Preparation of Mycobacterium Tuberculosis Culture Filtrate to Understand TB Pathogenesis
Published on: March 28, 2025
Plasma proteomics for biomarker discovery in childhood tuberculosis
Andrea Fossati1,2,3, Peter Wambi4, Devan Jaganath5,6
1J. David Gladstone Institutes, San Francisco, CA, USA.
Insights
Diagnosing pediatric tuberculosis (TB) is challenging. This study identified a novel blood protein signature to accurately detect TB in children, improving early diagnosis and treatment.
Area of Science:
- Biochemistry
- Immunology
- Pediatrics
Background:
- Tuberculosis (TB) remains a leading cause of childhood mortality, largely due to diagnostic delays.
- Current diagnostic methods for pediatric TB exhibit limited accuracy, necessitating new approaches.
- Identifying non-sputum biomarkers is crucial for improving pediatric TB diagnosis.
Purpose of the Study:
- To discover novel plasma protein biosignatures for diagnosing TB in children.
- To evaluate the diagnostic performance of these biosignatures against established accuracy thresholds.
- To understand the host response in pediatric TB using proteomic analysis.
Main Methods:
- High-throughput proteomics was used to analyze plasma samples from 511 children across four countries.
- Machine learning algorithms were employed to identify protein panels distinguishing TB status.
- Children with and without HIV were included to account for co-infection.
Main Results:
- Four distinct biosignatures, each comprising 3-6 proteins, were identified.

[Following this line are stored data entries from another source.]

(* Let $g\geqslant1$ be odd. An element $u\in\mathbb{C}[\alpha,\gamma]$ is a unit modulo $J_g^-$ if and only if $\mathrm{ev}^\pm_j(u)\neq0$ for both signs and all $j=1,\ldots,(g-1)/2$, where $\mathrm{ev}^\pm_j(f)=f\big(\pm4(g-2j),\,0\big)$.
   Context: $\zeta_k^-\in\mathbb{C}[\alpha,\gamma]$: $\zeta^-_i=0$ for $i<0$, $\zeta^-_0=1$, $\zeta^-_{k+1}=\alpha\zeta^-_k-16k^2\zeta^-_{k-1}+2k(k-1)\gamma\zeta^-_{k-2}$ for $k$ odd and $\zeta^-_{k+1}=\alpha\zeta^-_k+2k(k-1)\gamma\zeta^-_{k-2}$ for $k$ even; $J^-_k=(\zeta^-_k,\zeta^-_{k+1},\zeta^-_{k+2})$. (These are the specializations at $\beta=-8$ of $\zeta_{k+1}=\alpha\zeta_k+k^2(\beta+(-1)^k8)\zeta_{k-1}+2k(k-1)\gamma\zeta_{k-2}$.) "Unit modulo $J_g^-$" means the image in $\mathbb{C}[\alpha,\gamma]/J_g^-$ is invertible; the maps $\mathrm{ev}^\pm_j$ vanish on $J_g^-$. *)

theory Defs
  imports "HOL-Computational_Algebra.Polynomial"
begin

text \<open>C[alpha,gamma] is represented as complex poly poly: the outer variable is alpha,
  the coefficients are polynomials in gamma.\<close>

type_synonym bipoly = "complex poly poly"

definition var_alpha :: bipoly where "var_alpha = [:0, 1:]"
definition var_gamma :: bipoly where "var_gamma = [:[:0, 1:]:]"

- These biosignatures achieved high diagnostic accuracy, with AUCs ranging from 0.87 to 0.88.
- All derived biosignatures met the World Health Organization's target product profile for TB screening tests.
Conclusions:
- A novel, non-sputum-based protein biosignature can accurately detect TB in children.
- This finding offers a promising tool to expedite TB diagnosis and improve patient outcomes.

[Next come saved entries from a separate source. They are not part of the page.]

lemma summand_gt_of_sum_gt:
  fixes c :: "'a \<Rightarrow> real" and K :: real
  assumes "finite A" and "\<And>a. a \<in> A \<Longrightarrow> c a \<le> K"
    and "(\<Sum>a\<in>A. c a) > card A * K - \<delta>" and "a \<in> A"
  shows "c a > K - \<delta>"
proof -
  have "(\<Sum>a\<in>A. c a) = c a + (\<Sum>a'\<in>A - {a}. c a')"
    by (rule sum.remove[OF assms(1,4)])
  moreover have "(\<Sum>a'\<in>A - {a}. c a') \<le> card (A - {a}) * K"
    using sum_mono[of "A - {a}" c "\<lambda>_. K"] assms(2) by simp
  moreover have "real (card A) = card (A - {a}) + 1"
    using card.remove[OF assms(1,4)] by simp
  ultimately show ?thesis using assms(3) by (simp add: algebra_simps)
qed

lemma (in sequence_space) emeasure_eq_nn_integral_case_nat:
  assumes A: "A \<in> sets S"
  shows "emeasure S A = (\<integral>\<^sup>+s. emeasure S {\<omega>. case_nat s \<omega> \<in> A} \<partial>M)"
proof -
  let ?cons = "\<lambda>(s, \<omega>). case_nat s \<omega>"
  have cons: "?cons \<in> measurable (M \<Otimes>\<^sub>M S) S" by measurable
  have "emeasure S A = emeasure (distr (M \<Otimes>\<^sub>M S) S ?cons) A" by (simp add: PiM_iter)
  also have "\<dots> = emeasure (M \<Otimes>\<^sub>M S) (?cons -` A \<inter> space (M \<Otimes>\<^sub>M S))"
    by (rule emeasure_distr[OF cons A])
  also have "\<dots> = (\<integral>\<^sup>+s. emeasure S (Pair s -` (?cons -` A \<inter> space (M \<Otimes>\<^sub>M S))) \<partial>M)"
    by (rule P.emeasure_pair_measure_alt) (use cons A in measurable)
  also have "\<dots> = (\<integral>\<^sup>+s. emeasure S {\<omega>. case_nat s \<omega> \<in> A} \<partial>M)"
  proof (intro nn_integral_cong arg_cong[where f="emeasure S"])
    fix s assume "s \<in> space M"
    moreover have "\<omega> \<in> space S" if "case_nat s \<omega> \<in> A" for \<omega>
    proof -
      have "\<omega> i \<in> space M" for i
        using that sets.sets_into_space[OF A] by (force simp: space_PiM PiE_iff dest: spec[of _ "Suc i"])
      then show ?thesis by (auto simp: space_PiM PiE_def extensional_def)
    qed
    ultimately show "Pair s -` (?cons -` A \<inter> space (M \<Otimes>\<^sub>M S)) = {\<omega>. case_nat s \<omega> \<in> A}"
      by (auto simp: space_pair_measure)
  qed
  finally show ?thesis .
qed

lemma space_digit_measure: "space (digit_measure b) = UNIV"
  by (simp add: digit_measure_def space_PiM)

- The study provides valuable insights into the proteomic landscape of pediatric TB.
Abstract:
Failure to rapidly diagnose tuberculosis disease (TB) and initiate treatment is a driving factor of TB as a leading cause of death in children. Current TB diagnostic assays have poor performance in children, thus a global priority is the identification of novel non-sputum-based TB biomarkers. Here we use high-throughput proteomics to measure the plasma proteome for 511 children, with and without HIV, and across 4 countries, to distinguish TB status using standardized definitions. By employing a machine learning approach, we derive four parsimonious biosignatures encompassing 3 to 6 proteins that achieve AUCs of 0.87-0.88 and which all reach the minimum WHO target product profile accuracy thresholds for a TB screening test. This work provides insights into the unique host response in pediatric TB disease, as well as a non-sputum biosignature that could reduce delays in TB diagnosis and improve the detection and management of TB in children worldwide.